(* Let $A=\{a_s(n_s)\}_{s=1}^k$ and $B=\{b_t(m_t)\}_{t=1}^l$ be finite systems of residue classes with positive integer moduli and integers $0\leqslant a_s<n_s$, $0\leqslant b_t<m_t$, such that $n_1,\ldots,n_k$ are pairwise distinct and $m_1,\ldots,m_l$ are pairwise distinct. Let $p$ be a prime with $p>|S(n_1,\ldots,n_k,m_1,\ldots,m_l)|$ and let $\zeta_p$ be a primitive $p$th root of unity. Then $A$ and $B$ are identical (i.e., $k=l$ and $\{(a_s,n_s)\}_{s=1}^k=\{(b_t,m_t)\}_{t=1}^l$) if and only if $$\sum_{s=1}^k\frac{\zeta_p^{a_s}}{1-\zeta_p^{n_s}}=\sum_{t=1}^l\frac{\zeta_p^{b_t}}{1-\zeta_p^{m_t}}.$$
   Context: For a positive integer $n$ and $a\in\{0,\ldots,n-1\}$, $a(n)$ denotes the residue class $\{x\in\mathbb Z: x\equiv a \pmod n\}$. For positive integers $n_1,\ldots,n_k$, $S(n_1,\ldots,n_k)=\{r/n_s: r=0,\ldots,n_s-1;\ s=1,\ldots,k\}$, a set of rational numbers, and $|S(\cdot)|$ denotes its cardinality. *)

theory Defs
  imports Complex_Main "HOL-Computational_Algebra.Primes"
begin

definition S_set :: "nat set \<Rightarrow> rat set" where
  "S_set M = {of_nat r / of_nat n | r n. n \<in> M \<and> r < n}"

definition primitive_root_unity :: "nat \<Rightarrow> complex \<Rightarrow> bool" where
  "primitive_root_unity p z \<longleftrightarrow> 0 < p \<and> z ^ p = 1 \<and> (\<forall>j. 0 < j \<and> j < p \<longrightarrow> z ^ j \<noteq> 1)"

end

theory Submission
  imports Defs "HOL-Computational_Algebra.Polynomial_Factorial"
begin

(* If the two sums agree at \<zeta>, clearing the denominators z ^ d - 1 yields an integer polynomial
   vanishing at \<zeta>. The polynomial 1 + z + ... + z ^ (p - 1) is irreducible by Eisenstein's
   criterion, so this polynomial vanishes at every p-th root of unity w \<noteq> 1 as well; since no
   modulus is divisible by p, the two sums agree at all these p - 1 points. Multiplying instead by
   the product of z - \<omega> over the set U of all roots of unity of orders n_s and m_t turns each sum
   into a polynomial of degree < |U|, and |U| \<le> |S| < p, so the two polynomials coincide.
   Evaluated at a primitive N-th root of unity, N the largest modulus on which the systems differ,
   only the terms of modulus N survive, and these must then coincide too. *)

section \<open>Eisenstein's criterion and the cyclotomic polynomial of prime order\<close>

lemma eisenstein_dvd_coeff:
  fixes G H :: "'a::idom poly"
  assumes p: "prime_elem p"
    and dvd_coeff: "\<forall>j<degree (G * H). p dvd coeff (G * H) j"
    and deg_H: "degree H > 0"
    and dvd_G0: "p dvd coeff G 0" and not_dvd_H0: "\<not> p dvd coeff H 0"
  shows "p dvd coeff G i"
proof (induction i rule: less_induct)
  case (less i)
  show ?case
  proof (cases "i = 0 \<or> degree G < i")
    case True
    then show ?thesis using dvd_G0 by (auto simp: coeff_eq_0)
  next
    case False
    then have "G \<noteq> 0" and "H \<noteq> 0" using deg_H by auto
    with False deg_H have "i < degree (G * H)" by (simp add: degree_mult_eq)
    then have "p dvd coeff (G * H) i" using dvd_coeff by blast
    moreover have "coeff (G * H) i = coeff G i * coeff H 0 + (\<Sum>j<i. coeff G j * coeff H (i - j))"
      by (simp add: coeff_mult lessThan_Suc_atMost[symmetric])
    moreover have "p dvd (\<Sum>j<i. coeff G j * coeff H (i - j))"
      using less.IH by (intro dvd_sum) auto
    ultimately have "p dvd coeff G i * coeff H 0"
      by (metis dvd_add_left_iff)
    then show ?thesis using p not_dvd_H0 by (simp add: prime_elem_dvd_mult_iff)
  qed
qed

lemma eisenstein_criterion:
  fixes F G H :: "'a::idom poly"
  assumes p: "prime_elem p" and F: "F = G * H"
    and dvd_coeff: "\<forall>j<degree F. p dvd coeff F j"
    and not_dvd_lead: "\<not> p dvd lead_coeff F"
    and not_dvd_coeff0: "\<not> p ^ 2 dvd coeff F 0"
  shows "degree G = 0 \<or> degree H = 0"
proof (rule ccontr)
  assume "\<not> (degree G = 0 \<or> degree H = 0)"
  then have deg: "degree G > 0" "degree H > 0" by auto
  have "F \<noteq> 0" using not_dvd_lead by auto
  then have "degree F > 0" using F deg by (auto simp: degree_mult_eq)
  then have "p dvd coeff F 0" using dvd_coeff by blast
  moreover have "coeff F 0 = coeff G 0 * coeff H 0" by (simp add: F coeff_mult)
  ultimately have "p dvd coeff G 0 * coeff H 0" by simp
  moreover have "\<not> (p dvd coeff G 0 \<and> p dvd coeff H 0)"
    using F not_dvd_coeff0 by (auto simp: coeff_mult power2_eq_square intro: mult_dvd_mono)
  ultimately obtain X Y where XY: "F = X * Y" "degree Y > 0" "p dvd coeff X 0" "\<not> p dvd coeff Y 0"
    using p deg F by (metis mult.commute prime_elem_dvd_mult_iff)
  then have "p dvd lead_coeff X"
    using eisenstein_dvd_coeff[OF p _ XY(2-4)] dvd_coeff by blast
  then show False using not_dvd_lead XY(1) by (simp add: lead_coeff_mult)
qed

definition geom_poly :: "nat \<Rightarrow> int poly" where
  "geom_poly n = (\<Sum>i<n. monom 1 i)"

lemma coeff_geom_poly_shift: "coeff (pcompose (geom_poly n) [:1, 1:]) j = int (n choose Suc j)"
proof -
  have pcompose_monom: "pcompose (monom 1 i) q = q ^ i" for i and q :: "int poly"
    by (induction i) (simp_all add: monom_Suc pcompose_pCons pcompose_1)
  have coeff_power: "coeff ([:1, 1:] ^ i :: int poly) j = int (i choose j)" for i
  proof (cases "j \<le> i")
    case False
    then have "degree ([:1, 1:] ^ i :: int poly) < j" by (simp add: degree_linear_power)
    with False show ?thesis by (simp add: coeff_eq_0)
  qed (simp add: coeff_linear_poly_power)
  have "coeff (pcompose (geom_poly n) [:1, 1:]) j = (\<Sum>i<n. int (i choose j))"
    by (simp add: geom_poly_def pcompose_sum pcompose_monom coeff_sum coeff_power)
  also have "\<dots> = int (n choose Suc j)"
    by (induction n) simp_all
  finally show ?thesis .
qed

lemma irreducible_geom_poly:
  assumes "prime p"
  shows "irreducible (geom_poly p)"
proof -
  have p: "p > 1" using assms prime_gt_1_nat by blast
  define F where "F = pcompose (geom_poly p) [:1, 1:]"
  have coeff_F: "coeff F j = int (p choose Suc j)" for j
    unfolding F_def by (rule coeff_geom_poly_shift)
  have deg_F: "degree F = p - 1"
  proof (rule antisym)
    show "degree F \<le> p - 1" by (rule degree_le) (auto simp: coeff_F)
    show "p - 1 \<le> degree F" by (rule le_degree) (use p in \<open>simp add: coeff_F\<close>)
  qed
  have coeff0: "coeff (geom_poly p) 0 = 1"
    using p by (simp add: geom_poly_def coeff_sum coeff_monom lessThan_def)
  have unit_if_const: "is_unit g" if "geom_poly p = g * h" "degree g = 0" for g h
  proof -
    obtain c where "g = [:c:]" using \<open>degree g = 0\<close> by (rule degree_eq_zeroE)
    with that(1) coeff0 have "c * coeff h 0 = 1" by (metis coeff_mult_0 coeff_pCons_0)
    then show ?thesis using \<open>g = [:c:]\<close> by (metis dvdI is_unit_const_poly_iff mult.commute)
  qed
  show ?thesis
  proof (rule irreducibleI)
    have "degree (geom_poly p) = p - 1"
      using deg_F by (simp add: F_def degree_pcompose)
    then show "geom_poly p \<noteq> 0" "\<not> is_unit (geom_poly p)"
      using p by (auto simp: is_unit_poly_iff)
  next
    fix g h assume gh: "geom_poly p = g * h"
    have "degree (pcompose g [:1, 1:]) = 0 \<or> degree (pcompose h [:1, 1:]) = 0"
    proof (rule eisenstein_criterion)
      show "prime_elem (int p)" using assms by simp
      show "F = pcompose g [:1, 1:] * pcompose h [:1, 1:]"
        by (simp add: F_def gh pcompose_mult)
      show "\<forall>j<degree F. int p dvd coeff F j"
        using assms deg_F by (auto simp: coeff_F intro: dvd_choose_prime)
      show "\<not> int p dvd lead_coeff F" "\<not> int p ^ 2 dvd coeff F 0"
        using p deg_F by (auto simp: coeff_F power2_eq_square dest: zdvd_imp_le)
    qed
    then have "degree g = 0 \<or> degree h = 0" by (simp add: degree_pcompose)
    then show "is_unit g \<or> is_unit h"
      using unit_if_const[OF gh] unit_if_const[of h g] gh by (auto simp: mult.commute)
  qed
qed

section \<open>Conjugate roots of integer polynomials\<close>

lemma map_poly_of_int_add:
  "map_poly (of_int :: int \<Rightarrow> 'a::comm_ring_1) (p + q) = map_poly of_int p + map_poly of_int q"
  by (simp add: poly_eq_iff coeff_map_poly)

lemma map_poly_of_int_diff:
  "map_poly (of_int :: int \<Rightarrow> 'a::comm_ring_1) (p - q) = map_poly of_int p - map_poly of_int q"
  by (simp add: poly_eq_iff coeff_map_poly)

lemma map_poly_of_int_uminus:
  "map_poly (of_int :: int \<Rightarrow> 'a::comm_ring_1) (- p) = - map_poly of_int p"
  by (simp add: poly_eq_iff coeff_map_poly)

lemma map_poly_of_int_mult:
  "map_poly (of_int :: int \<Rightarrow> 'a::comm_ring_1) (p * q) = map_poly of_int p * map_poly of_int q"
  by (simp add: poly_eq_iff coeff_map_poly coeff_mult)

lemma map_poly_of_int_smult:
  "map_poly (of_int :: int \<Rightarrow> 'a::comm_ring_1) (smult c p) = smult (of_int c) (map_poly of_int p)"
  by (simp add: map_poly_smult)

lemma map_poly_of_int_sum:
  "map_poly (of_int :: int \<Rightarrow> 'a::comm_ring_1) (\<Sum>x\<in>A. f x) = (\<Sum>x\<in>A. map_poly of_int (f x))"
  by (induction A rule: infinite_finite_induct) (simp_all add: map_poly_of_int_add)

lemma map_poly_of_int_prod:
  "map_poly (of_int :: int \<Rightarrow> 'a::comm_ring_1) (\<Prod>x\<in>A. f x) = (\<Prod>x\<in>A. map_poly of_int (f x))"
  by (induction A rule: infinite_finite_induct) (simp_all add: map_poly_of_int_mult)

lemma poly_geom_poly_root_unity:
  fixes x :: "'a::field"
  assumes "x ^ n = 1" "x \<noteq> 1"
  shows "poly (map_poly of_int (geom_poly n)) x = 0"
  using assms by (simp add: geom_poly_def map_poly_of_int_sum map_poly_monom poly_sum poly_monom sum_gp_strict)

lemma min_degree_root_int_poly_dvd:
  fixes r Q :: "int poly" and z :: "'a::comm_ring_1"
  assumes r: "r \<noteq> 0" "poly (map_poly of_int r) z = 0"
    and min: "\<And>s. s \<noteq> 0 \<Longrightarrow> poly (map_poly of_int s) z = 0 \<Longrightarrow> degree r \<le> degree s"
    and Q: "poly (map_poly of_int Q) z = 0"
  shows "\<exists>c q. c \<noteq> 0 \<and> smult c Q = r * q"
proof -
  obtain q s where qs: "pseudo_divmod Q r = (q, s)" by (cases "pseudo_divmod Q r")
  define c where "c = lead_coeff r ^ (Suc (degree Q) - degree r)"
  have eq: "smult c Q = r * q + s" using pseudo_divmod(1)[OF r(1) qs] by (simp add: c_def)
  have "poly (map_poly (of_int :: int \<Rightarrow> 'a) s) z = 0"
    using arg_cong[OF eq, of "\<lambda>P. poly (map_poly of_int P) z"] r(2) Q
    by (simp add: map_poly_of_int_smult map_poly_of_int_add map_poly_of_int_mult)
  then have "s = 0" using min pseudo_divmod(2)[OF r(1) qs] by force
  moreover have "c \<noteq> 0" using r(1) by (simp add: c_def)
  ultimately show ?thesis using eq by auto
qed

---+---

What lines hold the string "assms"? Pick them out of the data.

  have p: "p > 1" using assms prime_gt_1_nat by blast
      show "prime_elem (int p)" using assms by simp
        using assms deg_F by (auto simp: coeff_F intro: dvd_choose_prime)
  using assms by (simp add: geom_poly_def map_poly_of_int_sum map_poly_monom poly_sum poly_monom sum_gp_strict)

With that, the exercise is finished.